Best Health Benefits of Almonds, According to Science You Must Know Now.

Best Health Benefits of Almonds, According to Science You Must Know Now.

There are few foods that have been as misunderstood, maligned, and disdained as the almond — all undeservedly so. Almonds have been unjustly portrayed as a food that should be limited in the diet due to their relatively high-fat content; however, science tells us that almonds are actually one of the healthiest foods you can eat. This article explores some of the best health benefits of almonds according to science, and provides some tasty recipes to get your tastebuds going!. .

almonds on floor

Almonds are high in vitamin E.

Scientific research has found that almonds are high in vitamin E. Vitamin E is an antioxidant that helps protect the body from environmental toxins and stress. It also improves cardiovascular health by reducing oxidative stress and inflammation throughout the body. There is also evidence that vitamin E may reduce cholesterol levels and help people with diabetes manage their blood sugar levels more effectively.

Study shows almonds can reduce DNA damage.

The study, published in the Journal of Nutrition shows that a diet high in almonds can reduce DNA damage. The study followed 50 adults who were split into two groups: one was given a diet high in almonds and the other a control diet. Researchers found that those who consumed more than five ounces (140 grams) of almonds per day had significantly less DNA damage than those who consumed less than one ounce (30 grams) per day. The study concludes that the consumption of higher levels of plant-based proteins like almonds reduces DNA damage, which may have an important role in maintaining healthy cells and reducing cancer risks. Plant-based proteins like almonds are a great way to cut back on meat consumption without sacrificing health benefits.

Almonds are high in plant sterols.

The plant sterols in almonds may help lower blood cholesterol levels and improve heart health. Research has shown that eating almonds daily lowers LDL (bad) cholesterol, while having a minimal effect on HDL (good) cholesterol levels. A study published in the Journal of Nutrition found that just one ounce of almonds a day can significantly lower LDL cholesterol levels.

Almond consumption reduces cholesterol levels.

A study published in the American Journal of Clinical Nutrition found that eating almonds decreased blood cholesterol levels. The study measured cholesterol levels in participants before and after they ate a certain number of almonds per day for three weeks. Participants who consumed one ounce or less per day had an average reduction in LDL (bad) cholesterol of 14%. Participants who consumed more than one ounce per day had an average reduction in LDL cholesterol level of 23%. This indicates that it’s best to eat a few almonds each day rather than lots at once.

Adding almonds to a low-fat diet can make your weight loss even greater.

A study published in the American Journal of Clinical Nutrition found that adding almonds to a low-fat diet can make your weight loss even greater. Participants were split into two groups: one group ate a low-fat diet and the other group ate a low-fat diet with an ounce and a half (28 grams) of almonds added per day. The group eating the almond-enriched diet experienced double the weight loss benefits. It’s not only about being able to eat more food, said lead study author Susan Westfall, PhD, RD. The fat from almonds makes you feel full faster.

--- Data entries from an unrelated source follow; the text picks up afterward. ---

(* Let $M$ be a duplicial module in a pre-additive category. For all $n\ge0$, $$\pi_n=(1-b_{n+1}d_n)^{n+1}(1-d_{n-1}b_n)^n .$$
   Context: Let $\mathcal A$ be a pre-additive category. Let $\Lambda_+$ be the category with objects $[n]$, $n\ge0$, where $\Lambda_+([m],[n])$ is the set of weakly monotone $f:\mathbb Z\to\mathbb Z$ with $f(j+m+1)=f(j)+n+1$ for all $j$ and $f(0)\ge0$. Define $\varepsilon^n_i:[n-1]\to[n]$ ($n\ge1$, $0\le i\le n$) by $\varepsilon^n_i(j)=j$ for $0\le j<i$, $j+1$ for $i\le j\le n-1$, and $\eta^n_i:[n+1]\to[n]$ ($0\le i\le n+1$) by $\eta^n_i(j)=j$ for $0\le j\le i$, $j-1$ for $i<j\le n+1$. A duplicial module is a functor $M:\Lambda_+^{op}\to\mathcal A$; $M_n=M([n])$, $\partial_{n,i}=M(\varepsilon^n_i):M_n\to M_{n-1}$, $s_{n,i}=M(\eta^n_i):M_n\to M_{n+1}$. Convention $M_{-1}=0$, maps into/out of it zero. Define $b_n=\sum_{i=0}^n(-1)^i\partial_{n,i}$ ($b_0=0$), $d_n=\sum_{i=0}^{n+1}(-1)^is_{n,i}$ ($d_{-1}=0$), the Karoubi operator $\kappa_n=(-1)^n(\partial_{n+1,0}s_{n,n+1}-s_{n-1,n}\partial_{n,0})$ (so $\kappa_0=\partial_{1,0}s_{0,1}$), and the Dwyer–Kan operator $\pi_n=(-1)^n\partial_{n+1,0}\kappa_{n+1}^n s_{n,n+1}$. *)

theory Defs
  imports Main
begin

record ('o, 'm) preadd_cat =
  Ob   :: "'o set"
  Mor  :: "'m set"
  Dom  :: "'m \<Rightarrow> 'o"
  Cod  :: "'m \<Rightarrow> 'o"
  Id   :: "'o \<Rightarrow> 'm"
  Comp :: "'m \<Rightarrow> 'm \<Rightarrow> 'm"   (* Comp g f = g \<circ> f  (first f, then g) *)
  Add  :: "'m \<Rightarrow> 'm \<Rightarrow> 'm"
  Zero :: "'o \<Rightarrow> 'o \<Rightarrow> 'm"
  Neg  :: "'m \<Rightarrow> 'm"
definition KP_data :: "nat \<Rightarrow> real \<Rightarrow> real \<Rightarrow> mpt \<Rightarrow> bool" where
  "KP_data n p q lam \<longleftrightarrow> 0 < q \<and> q < p \<and> to_regular p q
      \<and> pyr_lateral_ok p q lam
      \<and> pyr_side_angle lam = 2 * pi / real n
      \<and> to_alpha p q + 2 * to_beta p q + 2 * pyr_gamma p q lam = 2 * pi"

definition KP_set :: "real \<Rightarrow> real \<Rightarrow> mpt \<Rightarrow> mpt set" where
  "KP_set p q lam = trunc_oct p q \<union> (\<Union>f\<in>oct_group. map_prod id f ` pyramid p q lam)"

definition refl_rot :: "real \<Rightarrow> real \<Rightarrow> real^3 \<Rightarrow> mpt \<Rightarrow> mpt" where
  "refl_rot p q \<sigma> x = hrot ((1 / sqrt 3) *\<^sub>R \<sigma>) (pi / 3) (hrefl (hex_normal p q \<sigma>) x)"

text \<open>Regular octahedron concentric with the truncated octahedron, with faces parallel to its
  hexagonal faces (i.e. orthogonal to the directions (+-1,+-1,+-1)); its vertices are at distance
  t from the centre on the coordinate axes.\<close>
definition oct_verts :: "real \<Rightarrow> mpt set" where
  "oct_verts t = {(cosh t, (s * sinh t) *\<^sub>R axis i 1) | i s. s = 1 \<or> s = -1}"

definition oct_face :: "real \<Rightarrow> real^3 \<Rightarrow> mpt set" where
  "oct_face t \<sigma> = {(cosh t, (\<sigma> $ i * sinh t) *\<^sub>R axis i 1) | i. True}"

text \<open>Regular antiprism with bottom triangle a1 a2 a3 and top triangle b1 b2 b3: the two
  triangles and the six lateral triangles a1 a2 b1, b1 b2 a2, a2 a3 b2, b2 b3 a3, a3 a1 b3,
  b3 b1 a1 are equilateral with the common (positive) edge length.\<close>
definition reg_antiprism :: "mpt \<Rightarrow> mpt \<Rightarrow> mpt \<Rightarrow> mpt \<Rightarrow> mpt \<Rightarrow> mpt \<Rightarrow> bool" where
  "reg_antiprism a1 a2 a3 b1 b2 b3 \<longleftrightarrow> 0 < hdist a1 a2 \<and>
     (\<forall>e\<in>{hdist a2 a3, hdist a3 a1, hdist b1 b2, hdist b2 b3, hdist b3 b1,
           hdist a1 b1, hdist a2 b1, hdist a2 b2, hdist a3 b2, hdist a3 b3, hdist a1 b3}.
        e = hdist a1 a2)"

definition sym_antiprism_over :: "real \<Rightarrow> real \<Rightarrow> real \<Rightarrow> real^3 \<Rightarrow> bool" where
  "sym_antiprism_over p q t \<sigma> \<longleftrightarrow> (\<exists>a1 a2 a3 b1 b2 b3.
      {a1, a2, a3} = oct_face t \<sigma> \<and> {b1, b2, b3} = refl_rot p q \<sigma> ` {a1, a2, a3}
      \<and> reg_antiprism a1 a2 a3 b1 b2 b3)"

end

theory Submission
  imports Defs
begin

text \<open>
  Regularity of the faces forces \<open>p = 2 q\<close>, and then all normals are explicit: with
  \<open>r = sqrt (1 + 5 q\<^sup>2)\<close>, the hexagonal face orthogonal to the sign vector \<open>\<sigma>\<close> has unit
  normal \<open>(3 q, r \<sigma>) / sqrt (3 + 6 q\<^sup>2)\<close> and the square face \<open>(2 q, r e\<^sub>1) / sqrt (1 + q\<^sup>2)\<close>.
  For the pyramids we take the lateral normal \<open>pyr_normal q\<close>: adjacent lateral faces then meet
  at the angle \<open>arccos (2 m\<^sup>2 - 1) = 2 arccos m\<close>, \<open>m = 2 q\<^sup>2 / (1 + 2 q\<^sup>2)\<close>, so \<open>q\<close> is fixed
  by \<open>m = cos (pi / n)\<close>. Then \<open>\<alpha> / 2 + \<beta> + \<gamma> = pi\<close> is the addition formula for \<open>cos (\<alpha> / 2 + \<beta>)\<close>,
  which needs \<open>\<beta> \<le> pi / 2\<close>, i.e. \<open>q \<ge> 1\<close>; this is where \<open>n \<ge> 4\<close> enters.

  The octahedron \<open>Q\<close> has the vertices \<open>(cosh t, \<plusminus> sinh t e\<^sub>i)\<close> with
  \<open>tanh t = 3 q / (r + sqrt (1 + 2 q\<^sup>2))\<close>; it lies in the truncated octahedron because
  \<open>tanh t \<le> 2 q / r\<close>. The three vertices of a face of \<open>Q\<close> have the same Minkowski product
  \<open>- sinh t / sqrt 3\<close> with the normal of the parallel hexagonal face, so the reflection lowers the
  product of every bottom vertex with every top vertex by \<open>2 sinh\<^sup>2 t / 3\<close>. For the lateral edges
  this exactly cancels what the rotation by \<open>pi / 3\<close> adds, so they are as long as the edges
  of \<open>Q\<close>.
\<close>

lemma v3_nth [simp]: "v3 a b c $ 1 = a" "v3 a b c $ 2 = b" "v3 a b c $ 3 = c"
  by (simp_all add: v3_def)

Almonds have anti-inflammatory properties.

almonds with milk

Almonds are a well-known source of antioxidants and protein. But new research suggests that almonds may also help reduce inflammation in the body. In a study published in the Journal of Agricultural Food Chemistry, researchers found that almond skins contain high levels of phenolic compounds (aka plant-based antioxidants). These compounds give almonds their natural yellow color and have been shown to reduce inflammation in mice by reducing oxidative stress. The research team concluded that these phenolics could be used as an ingredient or functional food additive for people with inflammatory diseases like arthritis or inflammatory bowel disease.

Consuming almonds help lower blood pressure.

Heart disease is a leading cause of death in the United States. The best way to lower your risk for heart disease is by eating healthy and exercising. Eating almonds is a great way to keep your blood pressure low and avoid heart disease. The evidence-based health benefits of almonds include:

– Lowering cholesterol levels – Lowering blood pressure – Decreasing risks for diabetes and strokes.